Work order:
Which lines in the entries below contain the string "bexI"? Show each of them in full.
● ● ●
lemma countable_cosets:
  assumes "openin T H" "additive_subgroup H G"
  obtains a :: "nat \<Rightarrow> 'a" where "\<And>i. a i \<in> carrier G" "\<And>x. x \<in> carrier G \<Longrightarrow> \<exists>i. x \<ominus> a i \<in> H"
proof -
  define coset where "coset a = {x \<in> carrier G. x \<ominus> a \<in> H}" for a
  have "x \<in> coset x" if "x \<in> carrier G" for x
    using that additive_subgroup.zero_closed[OF assms(2)] by (simp add: coset_def a_minus_def r_neg)
  then have cover: "\<Union>(coset ` carrier G) = topspace T"
    by (auto simp: topspace_eq coset_def)
  have "openin T U" if "U \<in> coset ` carrier G" for U
    using that openin_minus_preimage[OF assms(1)] by (auto simp: coset_def)
  then have "\<exists>\<U>. countable \<U> \<and> \<U> \<subseteq> coset ` carrier G \<and> \<Union>\<U> = topspace T"
    by (rule Lindelof_spaceD[OF second_countable_imp_Lindelof_space[OF second_countable] _ cover])
  then obtain \<U> where "countable \<U>" "\<U> \<subseteq> coset ` carrier G" and \<U>: "\<Union>\<U> = topspace T"
    by auto
  then obtain A where "countable A" "A \<subseteq> carrier G" "\<U> = coset ` A"
    using countable_subset_image[of \<U> coset "carrier G"] by auto
  with \<U> have A: "countable A" "A \<subseteq> carrier G" "\<Union>(coset ` A) = carrier G"
    by (simp_all add: topspace_eq)
  then have "A \<noteq> {}"
    using zero_closed by blast
  show thesis
  proof
    show "from_nat_into A i \<in> carrier G" for i
      using from_nat_into[OF \<open>A \<noteq> {}\<close>] A(2) by blast
    fix x assume "x \<in> carrier G"
    then obtain a where "a \<in> A" "x \<ominus> a \<in> H"
      using A(3) by (auto simp: coset_def)
    then show "\<exists>i. x \<ominus> from_nat_into A i \<in> H"
      using from_nat_into_surj[OF A(1)] by metis
  qed
qed

section \<open>A Baire category argument\<close>

context
  fixes V assumes V: "subgroup_nhds_basis V"
begin

lemma basis_separates_closedin:
  assumes "closedin T D" "y \<in> carrier G" "y \<notin> D"
  shows "\<exists>n. \<forall>w\<in>V n. y \<oplus> w \<notin> D"
proof -
  have D: "D \<subseteq> carrier G"
    using closedin_subset[OF assms(1)] by (simp add: topspace_eq)
  have "y \<notin> T closure_of D"
    using assms by (simp add: closure_of_closedin)
  then obtain n where n: "\<And>d. d \<in> D \<Longrightarrow> d \<ominus> y \<notin> V n"
    using assms(2) by (auto simp: closure_of_iff_basis[OF V D])
  have "y \<oplus> w \<notin> D" if "w \<in> V n" for w
  proof
    assume "y \<oplus> w \<in> D"
    moreover have "w \<in> carrier G"
      using that basis_subset[OF V] by blast
    then have "(y \<oplus> w) \<ominus> y = w"
      using assms(2) by (simp add: a_minus_simps)
    ultimately show False
      using n that by metis
  qed
  then show ?thesis
    by blast
qed

lemma exists_near_point_off_coset:
  assumes L: "additive_subgroup L G" and D: "additive_subgroup D G"
    and k: "\<not> L \<inter> V k \<subseteq> D" and z: "z \<in> L" and c: "c \<in> carrier G"
  shows "\<exists>z'\<in>L. z' \<ominus> z \<in> V k \<and> z' \<ominus> c \<notin> D"
proof (cases "z \<ominus> c \<in> D")
  case False
  moreover have "z \<ominus> z \<in> V k"
    using z additive_subgroup.a_subset[OF L] basis_zero[OF V] by auto
  ultimately show ?thesis
    using z by blast
next
  case True
  obtain y where y: "y \<in> L" "y \<in> V k" "y \<notin> D"
    using k by blast
  have zc: "z \<in> carrier G" and yc: "y \<in> carrier G"
    using z y(1) additive_subgroup.a_subset[OF L] by auto
  have "(z \<oplus> y) \<ominus> c \<notin> D"
  proof
    assume "(z \<oplus> y) \<ominus> c \<in> D"
    then have "((z \<oplus> y) \<ominus> c) \<ominus> (z \<ominus> c) \<in> D"
      using True by (rule additive_subgroup.a_minus_closed[OF D])
    moreover have "((z \<oplus> y) \<ominus> c) \<ominus> (z \<ominus> c) = y"
      using zc yc c by (simp add: a_minus_simps)
    ultimately show False
      using y(3) by simp
  qed
  moreover have "(z \<oplus> y) \<ominus> z = y" "z \<oplus> y \<in> L"
    using zc yc z y(1) by (simp_all add: a_minus_simps additive_subgroup.a_closed[OF L])
  ultimately show ?thesis
    using y(2) by (intro bexI[of _ "z \<oplus> y"]) simp_all
qed

lemma exists_near_ball_off_coset:
  assumes L: "additive_subgroup L G" and D: "closedin T D" "additive_subgroup D G"
    and k: "\<not> L \<inter> V k \<subseteq> D" and z: "z \<in> L" and c: "c \<in> carrier G"
  shows "\<exists>z'\<in>L. \<exists>n>k. z' \<ominus> z \<in> V k \<and> (\<forall>w\<in>V n. (z' \<oplus> w) \<ominus> c \<notin> D)"
proof -
  obtain z' where z': "z' \<in> L" "z' \<ominus> z \<in> V k" "z' \<ominus> c \<notin> D"
    using exists_near_point_off_coset[OF L D(2) k z c] by blast
  have z'c: "z' \<in> carrier G"
    using z'(1) additive_subgroup.a_subset[OF L] by auto
  obtain n where n: "\<And>w. w \<in> V n \<Longrightarrow> (z' \<ominus> c) \<oplus> w \<notin> D"
    using basis_separates_closedin[OF D(1) _ z'(3)] z'c c by auto
  have "(z' \<oplus> w) \<ominus> c \<notin> D" if "w \<in> V (max n (Suc k))" for w
  proof -
    have w: "w \<in> V n" "w \<in> carrier G"
      using that basis_antimono[OF V, of n "max n (Suc k)"] basis_subset[OF V] by auto
    have "(z' \<oplus> w) \<ominus> c = (z' \<ominus> c) \<oplus> w"
      using z'c c w(2) by (simp add: a_minus_simps)
    then show ?thesis
      using n[OF w(1)] by simp
  qed
  then show ?thesis
    using z'(1,2) by (intro bexI[of _ z'] exI[of _ "max n (Suc k)"]) auto
qed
● ● ●
Finished task:
    using y(2) by (intro bexI[of _ "z \<oplus> y"]) simp_all
    using z'(1,2) by (intro bexI[of _ z'] exI[of _ "max n (Suc k)"]) auto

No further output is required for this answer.